→ **DATA FOR PROCESSING**:
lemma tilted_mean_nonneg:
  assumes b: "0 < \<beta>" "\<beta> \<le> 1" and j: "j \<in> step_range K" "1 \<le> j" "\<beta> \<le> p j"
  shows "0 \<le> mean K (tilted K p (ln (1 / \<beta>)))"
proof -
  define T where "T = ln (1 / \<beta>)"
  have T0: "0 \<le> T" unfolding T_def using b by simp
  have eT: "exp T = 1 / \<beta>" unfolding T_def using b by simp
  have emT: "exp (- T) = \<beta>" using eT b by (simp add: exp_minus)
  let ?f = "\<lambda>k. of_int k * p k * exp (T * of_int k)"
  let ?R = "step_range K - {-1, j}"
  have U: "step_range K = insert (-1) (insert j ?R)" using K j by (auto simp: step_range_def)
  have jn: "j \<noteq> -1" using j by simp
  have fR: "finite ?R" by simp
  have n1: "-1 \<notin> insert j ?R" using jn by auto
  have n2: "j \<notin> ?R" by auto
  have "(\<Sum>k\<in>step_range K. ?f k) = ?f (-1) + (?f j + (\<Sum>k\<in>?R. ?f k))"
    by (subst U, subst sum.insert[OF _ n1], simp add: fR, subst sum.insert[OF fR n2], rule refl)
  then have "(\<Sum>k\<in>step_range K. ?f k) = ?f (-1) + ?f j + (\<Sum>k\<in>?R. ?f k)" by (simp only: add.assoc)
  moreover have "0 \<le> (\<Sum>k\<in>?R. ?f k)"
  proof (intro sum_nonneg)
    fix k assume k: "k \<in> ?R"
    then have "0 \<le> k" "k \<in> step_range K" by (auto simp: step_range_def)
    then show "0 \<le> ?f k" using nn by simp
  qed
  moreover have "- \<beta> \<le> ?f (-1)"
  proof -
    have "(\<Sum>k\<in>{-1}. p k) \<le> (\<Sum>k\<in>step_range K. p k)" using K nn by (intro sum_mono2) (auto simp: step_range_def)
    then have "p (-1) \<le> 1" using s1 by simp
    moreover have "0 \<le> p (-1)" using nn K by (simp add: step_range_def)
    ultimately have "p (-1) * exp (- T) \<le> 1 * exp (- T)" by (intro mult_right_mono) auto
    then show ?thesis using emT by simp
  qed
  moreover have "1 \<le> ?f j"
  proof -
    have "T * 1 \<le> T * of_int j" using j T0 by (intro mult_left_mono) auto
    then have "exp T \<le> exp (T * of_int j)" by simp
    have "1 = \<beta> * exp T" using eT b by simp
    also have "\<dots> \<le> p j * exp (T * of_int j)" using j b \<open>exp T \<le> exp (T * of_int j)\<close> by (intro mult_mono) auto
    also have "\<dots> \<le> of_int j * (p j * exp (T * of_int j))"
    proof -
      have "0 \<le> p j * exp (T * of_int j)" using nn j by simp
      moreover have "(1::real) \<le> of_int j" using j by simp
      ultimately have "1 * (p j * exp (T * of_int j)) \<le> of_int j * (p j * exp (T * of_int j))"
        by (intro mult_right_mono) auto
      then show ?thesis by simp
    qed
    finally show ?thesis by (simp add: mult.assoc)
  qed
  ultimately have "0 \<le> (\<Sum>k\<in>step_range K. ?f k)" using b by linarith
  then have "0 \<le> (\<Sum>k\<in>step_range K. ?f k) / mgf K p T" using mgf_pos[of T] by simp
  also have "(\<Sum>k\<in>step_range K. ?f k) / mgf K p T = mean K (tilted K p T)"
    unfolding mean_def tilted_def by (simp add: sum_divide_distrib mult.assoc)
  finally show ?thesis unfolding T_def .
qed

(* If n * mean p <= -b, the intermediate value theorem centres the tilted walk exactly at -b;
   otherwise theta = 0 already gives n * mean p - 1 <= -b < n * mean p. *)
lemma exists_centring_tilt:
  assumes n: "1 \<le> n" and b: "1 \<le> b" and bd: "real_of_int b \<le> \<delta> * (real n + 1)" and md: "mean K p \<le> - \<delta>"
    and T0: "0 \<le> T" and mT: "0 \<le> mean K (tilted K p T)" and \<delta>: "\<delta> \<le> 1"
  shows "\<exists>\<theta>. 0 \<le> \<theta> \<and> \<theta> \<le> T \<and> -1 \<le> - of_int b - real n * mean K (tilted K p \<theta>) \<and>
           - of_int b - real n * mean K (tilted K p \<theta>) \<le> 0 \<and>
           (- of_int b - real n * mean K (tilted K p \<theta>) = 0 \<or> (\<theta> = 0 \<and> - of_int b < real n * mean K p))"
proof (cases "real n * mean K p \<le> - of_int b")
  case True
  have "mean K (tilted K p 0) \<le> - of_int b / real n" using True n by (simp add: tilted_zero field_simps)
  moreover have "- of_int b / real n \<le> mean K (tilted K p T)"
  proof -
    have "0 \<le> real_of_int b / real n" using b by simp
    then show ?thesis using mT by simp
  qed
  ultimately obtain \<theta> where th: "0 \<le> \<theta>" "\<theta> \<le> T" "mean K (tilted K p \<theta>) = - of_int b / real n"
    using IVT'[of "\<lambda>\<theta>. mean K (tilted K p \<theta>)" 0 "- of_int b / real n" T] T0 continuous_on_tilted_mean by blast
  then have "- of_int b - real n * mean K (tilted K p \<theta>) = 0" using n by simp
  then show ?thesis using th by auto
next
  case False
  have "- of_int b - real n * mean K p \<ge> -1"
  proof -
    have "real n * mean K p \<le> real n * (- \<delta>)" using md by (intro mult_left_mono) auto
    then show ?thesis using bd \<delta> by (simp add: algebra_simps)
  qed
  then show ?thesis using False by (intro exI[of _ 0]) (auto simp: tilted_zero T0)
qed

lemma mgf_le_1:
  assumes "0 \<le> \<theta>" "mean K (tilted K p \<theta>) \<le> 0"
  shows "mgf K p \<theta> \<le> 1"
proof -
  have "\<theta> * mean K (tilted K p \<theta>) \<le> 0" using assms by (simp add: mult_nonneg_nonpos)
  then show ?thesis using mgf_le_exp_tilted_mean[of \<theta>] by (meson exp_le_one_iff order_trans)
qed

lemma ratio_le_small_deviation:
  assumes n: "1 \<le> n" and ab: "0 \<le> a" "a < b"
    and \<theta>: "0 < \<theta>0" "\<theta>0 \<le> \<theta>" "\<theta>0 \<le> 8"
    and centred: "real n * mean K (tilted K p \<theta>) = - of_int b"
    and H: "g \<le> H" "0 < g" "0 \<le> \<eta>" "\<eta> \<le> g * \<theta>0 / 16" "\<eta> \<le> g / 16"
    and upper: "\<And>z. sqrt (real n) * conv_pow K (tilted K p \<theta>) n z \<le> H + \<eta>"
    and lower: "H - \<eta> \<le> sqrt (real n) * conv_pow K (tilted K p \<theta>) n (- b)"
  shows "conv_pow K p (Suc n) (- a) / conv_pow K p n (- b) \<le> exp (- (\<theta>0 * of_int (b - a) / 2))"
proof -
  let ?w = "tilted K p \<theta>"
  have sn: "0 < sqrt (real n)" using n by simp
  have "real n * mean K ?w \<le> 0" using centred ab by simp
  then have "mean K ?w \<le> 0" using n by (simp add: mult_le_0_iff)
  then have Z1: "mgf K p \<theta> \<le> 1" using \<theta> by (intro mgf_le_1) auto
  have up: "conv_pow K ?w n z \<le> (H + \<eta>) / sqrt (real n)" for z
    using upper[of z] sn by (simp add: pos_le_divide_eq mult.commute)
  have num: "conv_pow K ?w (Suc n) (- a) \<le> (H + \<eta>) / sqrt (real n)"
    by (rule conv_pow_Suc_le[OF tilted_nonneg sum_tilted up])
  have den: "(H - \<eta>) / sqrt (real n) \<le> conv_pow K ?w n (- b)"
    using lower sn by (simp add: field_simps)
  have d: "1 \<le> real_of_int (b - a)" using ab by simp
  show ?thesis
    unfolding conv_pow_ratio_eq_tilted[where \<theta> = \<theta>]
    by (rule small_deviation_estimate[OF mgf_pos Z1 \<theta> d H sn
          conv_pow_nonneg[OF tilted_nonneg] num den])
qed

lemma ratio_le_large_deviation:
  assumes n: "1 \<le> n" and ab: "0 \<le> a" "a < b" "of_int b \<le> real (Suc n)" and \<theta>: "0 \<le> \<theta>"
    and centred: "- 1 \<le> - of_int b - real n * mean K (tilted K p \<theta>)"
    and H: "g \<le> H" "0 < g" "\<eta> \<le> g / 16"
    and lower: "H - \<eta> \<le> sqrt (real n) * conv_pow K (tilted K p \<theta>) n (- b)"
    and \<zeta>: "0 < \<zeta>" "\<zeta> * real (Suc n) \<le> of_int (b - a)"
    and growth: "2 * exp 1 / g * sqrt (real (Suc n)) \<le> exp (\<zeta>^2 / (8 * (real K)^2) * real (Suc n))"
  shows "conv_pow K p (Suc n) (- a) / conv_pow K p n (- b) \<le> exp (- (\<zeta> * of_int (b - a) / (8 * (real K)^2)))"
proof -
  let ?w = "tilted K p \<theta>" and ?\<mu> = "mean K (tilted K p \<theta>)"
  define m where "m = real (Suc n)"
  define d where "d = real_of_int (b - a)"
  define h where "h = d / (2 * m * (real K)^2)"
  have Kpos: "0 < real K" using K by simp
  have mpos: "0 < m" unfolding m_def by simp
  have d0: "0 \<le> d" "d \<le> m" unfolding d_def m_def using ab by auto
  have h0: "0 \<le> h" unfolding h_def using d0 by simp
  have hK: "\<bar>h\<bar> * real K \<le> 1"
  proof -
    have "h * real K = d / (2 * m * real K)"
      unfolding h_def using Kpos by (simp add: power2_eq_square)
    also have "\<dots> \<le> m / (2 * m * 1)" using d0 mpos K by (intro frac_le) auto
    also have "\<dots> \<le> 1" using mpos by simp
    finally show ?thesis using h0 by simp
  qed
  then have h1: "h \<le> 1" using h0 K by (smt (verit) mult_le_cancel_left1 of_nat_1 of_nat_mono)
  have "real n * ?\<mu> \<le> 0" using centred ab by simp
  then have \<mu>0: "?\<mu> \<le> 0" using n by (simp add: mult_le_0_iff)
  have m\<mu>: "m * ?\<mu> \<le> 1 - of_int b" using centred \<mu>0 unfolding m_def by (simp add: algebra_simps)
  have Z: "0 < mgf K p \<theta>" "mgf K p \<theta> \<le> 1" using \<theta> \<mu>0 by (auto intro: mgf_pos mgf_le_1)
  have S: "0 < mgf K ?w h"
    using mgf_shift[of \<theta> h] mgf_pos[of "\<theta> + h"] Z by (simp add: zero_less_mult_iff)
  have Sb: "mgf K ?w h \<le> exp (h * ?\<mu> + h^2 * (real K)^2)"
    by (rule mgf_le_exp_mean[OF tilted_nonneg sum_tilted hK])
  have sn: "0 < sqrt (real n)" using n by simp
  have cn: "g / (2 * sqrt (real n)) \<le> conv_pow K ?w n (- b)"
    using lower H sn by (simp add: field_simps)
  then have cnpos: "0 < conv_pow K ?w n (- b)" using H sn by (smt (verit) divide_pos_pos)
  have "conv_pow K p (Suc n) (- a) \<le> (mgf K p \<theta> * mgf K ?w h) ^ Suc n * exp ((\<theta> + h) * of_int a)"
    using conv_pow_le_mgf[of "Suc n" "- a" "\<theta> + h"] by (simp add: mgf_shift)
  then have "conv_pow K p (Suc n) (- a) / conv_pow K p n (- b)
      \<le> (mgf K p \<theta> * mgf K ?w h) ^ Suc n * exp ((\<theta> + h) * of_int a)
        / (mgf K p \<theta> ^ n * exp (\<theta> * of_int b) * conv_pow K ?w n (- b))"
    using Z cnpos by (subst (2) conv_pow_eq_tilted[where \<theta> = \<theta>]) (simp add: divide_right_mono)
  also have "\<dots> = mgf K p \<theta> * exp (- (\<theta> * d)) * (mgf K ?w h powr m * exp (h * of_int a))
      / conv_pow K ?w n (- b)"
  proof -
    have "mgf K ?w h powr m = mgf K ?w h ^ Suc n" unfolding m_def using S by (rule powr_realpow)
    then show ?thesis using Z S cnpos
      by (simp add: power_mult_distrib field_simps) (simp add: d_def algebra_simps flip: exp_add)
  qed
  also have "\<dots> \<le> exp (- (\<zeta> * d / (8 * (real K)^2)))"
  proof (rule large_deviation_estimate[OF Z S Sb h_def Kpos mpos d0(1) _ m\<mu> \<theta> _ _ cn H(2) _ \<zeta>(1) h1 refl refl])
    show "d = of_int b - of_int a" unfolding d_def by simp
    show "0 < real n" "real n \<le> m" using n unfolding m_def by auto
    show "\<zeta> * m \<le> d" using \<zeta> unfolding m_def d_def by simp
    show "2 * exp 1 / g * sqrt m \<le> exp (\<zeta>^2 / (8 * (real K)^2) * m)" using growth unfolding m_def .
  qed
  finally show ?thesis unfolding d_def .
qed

→ **WHAT IS REQUIRED**:
Produce the lines from the top of the listing through the "by (subst U, subst" line exactly as they appear, with no additional output.

→ **EXERCISE OUTPUT**:
lemma tilted_mean_nonneg:
  assumes b: "0 < \<beta>" "\<beta> \<le> 1" and j: "j \<in> step_range K" "1 \<le> j" "\<beta> \<le> p j"
  shows "0 \<le> mean K (tilted K p (ln (1 / \<beta>)))"
proof -
  define T where "T = ln (1 / \<beta>)"
  have T0: "0 \<le> T" unfolding T_def using b by simp
  have eT: "exp T = 1 / \<beta>" unfolding T_def using b by simp
  have emT: "exp (- T) = \<beta>" using eT b by (simp add: exp_minus)
  let ?f = "\<lambda>k. of_int k * p k * exp (T * of_int k)"
  let ?R = "step_range K - {-1, j}"
  have U: "step_range K = insert (-1) (insert j ?R)" using K j by (auto simp: step_range_def)
  have jn: "j \<noteq> -1" using j by simp
  have fR: "finite ?R" by simp
  have n1: "-1 \<notin> insert j ?R" using jn by auto
  have n2: "j \<notin> ?R" by auto
  have "(\<Sum>k\<in>step_range K. ?f k) = ?f (-1) + (?f j + (\<Sum>k\<in>?R. ?f k))"
    by (subst U, subst sum.insert[OF _ n1], simp add: fR, subst sum.insert[OF fR n2], rule refl)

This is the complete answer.